▶ Work order
Set down a word-for-word copy of the data below, limited to the lines from the first through the line with "(f s)) has_vector_derivative".

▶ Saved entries
text \<open>Change of variables for a continuous envelope, by the fundamental theorem of calculus
  applied to its primitive along f; L is any bound below the values of f.\<close>

lemma envelope_chain_rule:
  assumes T: "finite T" and ab: "\<alpha> \<le> \<beta>" and fc: "continuous_on {\<alpha>..\<beta>} f"
    and fd: "\<And>s. s \<in> {\<alpha><..<\<beta>} - T \<Longrightarrow> (f has_real_derivative f' s) (at s)"
    and fL: "\<And>s. s \<in> {\<alpha>..\<beta>} \<Longrightarrow> L < f s"
  shows "((\<lambda>s. f' s * envelope n (f s)) has_integral
           integral {L..f \<beta>} (envelope n) - integral {L..f \<alpha>} (envelope n)) {\<alpha>..\<beta>}"
proof (rule fundamental_theorem_of_calculus_interior_strong[OF T ab])
  define G where "G z = integral {L..z} (envelope n)" for z
  have Gd: "(G has_real_derivative envelope n z) (at z)" if "L < z" for z
    unfolding G_def[abs_def] using that by (rule envelope_primitive_deriv)
  show "((\<lambda>s. G (f s)) has_vector_derivative f' s * envelope n (f s)) (at s)"
    if s: "s \<in> {\<alpha><..<\<beta>} - T" for s
  proof -
    have "((\<lambda>s. G (f s)) has_real_derivative envelope n (f s) * f' s) (at s)"
      by (rule DERIV_chain2[OF Gd fd[OF s]]) (use s fL in auto)
    then show ?thesis by (simp add: has_real_derivative_iff_has_vector_derivative mult.commute)
  qed
  have "continuous_on {L<..} G"
    by (rule continuous_at_imp_continuous_on) (use Gd DERIV_isCont in blast)
  then show "continuous_on {\<alpha>..\<beta>} (\<lambda>s. G (f s))"
    by (rule continuous_on_compose2[OF _ fc]) (use fL in auto)
qed
section \<open>The modified HR-action\<close>

lemma relabel_node_eq:
  assumes hr: "hr_tree (Node l y r)" and r: "r \<noteq> Leaf"
  defines "S \<equiv> set_tree (Node l y r)"
  obtains g where
    "relabel_node l y r = Node l (if y = Min S then Max S else Min S) (map_tree g r)"
    "strict_mono_on (set_tree r) g"
    "g ` set_tree r = insert y (set_tree r) - {if y = Min S then Max S else Min S}"
proof -
  define R where "R = insert y (set_tree r)"
  define y' where "y' = (if y = Min S then Max R else Min R)"
  have "R \<subseteq> S" "finite S" "finite R" "R \<noteq> {}"
    by (auto simp: R_def S_def)
  moreover have "y = Min S \<Longrightarrow> Max S \<in> R" "y \<noteq> Min S \<Longrightarrow> Min S \<in> R"
    using hr r unfolding hr_tree_Node_iff R_def S_def by auto
  ultimately have y': "y' = (if y = Min S then Max S else Min S)"
    unfolding y'_def by (metis Max_mono Max_ge Min_antimono Min_le order.antisym)
  have "y \<notin> set_tree r"
    using hr by (simp add: hr_tree_Node_iff)
  moreover have "y' \<in> R"
    using \<open>finite R\<close> \<open>R \<noteq> {}\<close> by (simp add: y'_def)
  ultimately have "card (set_tree r) = card (R - {y'})"
    by (simp add: R_def)
  then have "strict_mono_on (set_tree r) (\<lambda>a. sorted_list_of_set (R - {y'}) ! rank (set_tree r) a)"
    "(\<lambda>a. sorted_list_of_set (R - {y'}) ! rank (set_tree r) a) ` set_tree r = R - {y'}"
    using rank_relabel[of "set_tree r" "R - {y'}"] \<open>finite R\<close> by simp_all
  moreover have "relabel_node l y r =
      Node l y' (map_tree (\<lambda>a. sorted_list_of_set (R - {y'}) ! rank (set_tree r) a) r)"
    unfolding relabel_node_def rank_def Let_def R_def y'_def S_def ..
  ultimately show ?thesis
    using that y' unfolding R_def by blast
qed

lemma Min_neq_Max_set_tree:
  assumes "hr_tree (Node l y r)" "r \<noteq> Leaf"
  shows "Min (set_tree (Node l y r)) \<noteq> Max (set_tree (Node l y r))"
proof -
  obtain a where "a \<in> set_tree r"
    using assms(2) by (cases r) auto
  moreover have "y \<notin> set_tree r"
    using assms(1) by (simp add: hr_tree_Node_iff)
  ultimately show ?thesis
    by (metis Max_ge Min_le finite_set_tree order.antisym tree.set_intros(2,3))
qed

▶ The completed task
text \<open>Change of variables for a continuous envelope, by the fundamental theorem of calculus
  applied to its primitive along f; L is any bound below the values of f.\<close>

lemma envelope_chain_rule:
  assumes T: "finite T" and ab: "\<alpha> \<le> \<beta>" and fc: "continuous_on {\<alpha>..\<beta>} f"
    and fd: "\<And>s. s \<in> {\<alpha><..<\<beta>} - T \<Longrightarrow> (f has_real_derivative f' s) (at s)"
    and fL: "\<And>s. s \<in> {\<alpha>..\<beta>} \<Longrightarrow> L < f s"
  shows "((\<lambda>s. f' s * envelope n (f s)) has_integral
           integral {L..f \<beta>} (envelope n) - integral {L..f \<alpha>} (envelope n)) {\<alpha>..\<beta>}"
proof (rule fundamental_theorem_of_calculus_interior_strong[OF T ab])
  define G where "G z = integral {L..z} (envelope n)" for z
  have Gd: "(G has_real_derivative envelope n z) (at z)" if "L < z" for z
    unfolding G_def[abs_def] using that by (rule envelope_primitive_deriv)
  show "((\<lambda>s. G (f s)) has_vector_derivative f' s * envelope n (f s)) (at s)"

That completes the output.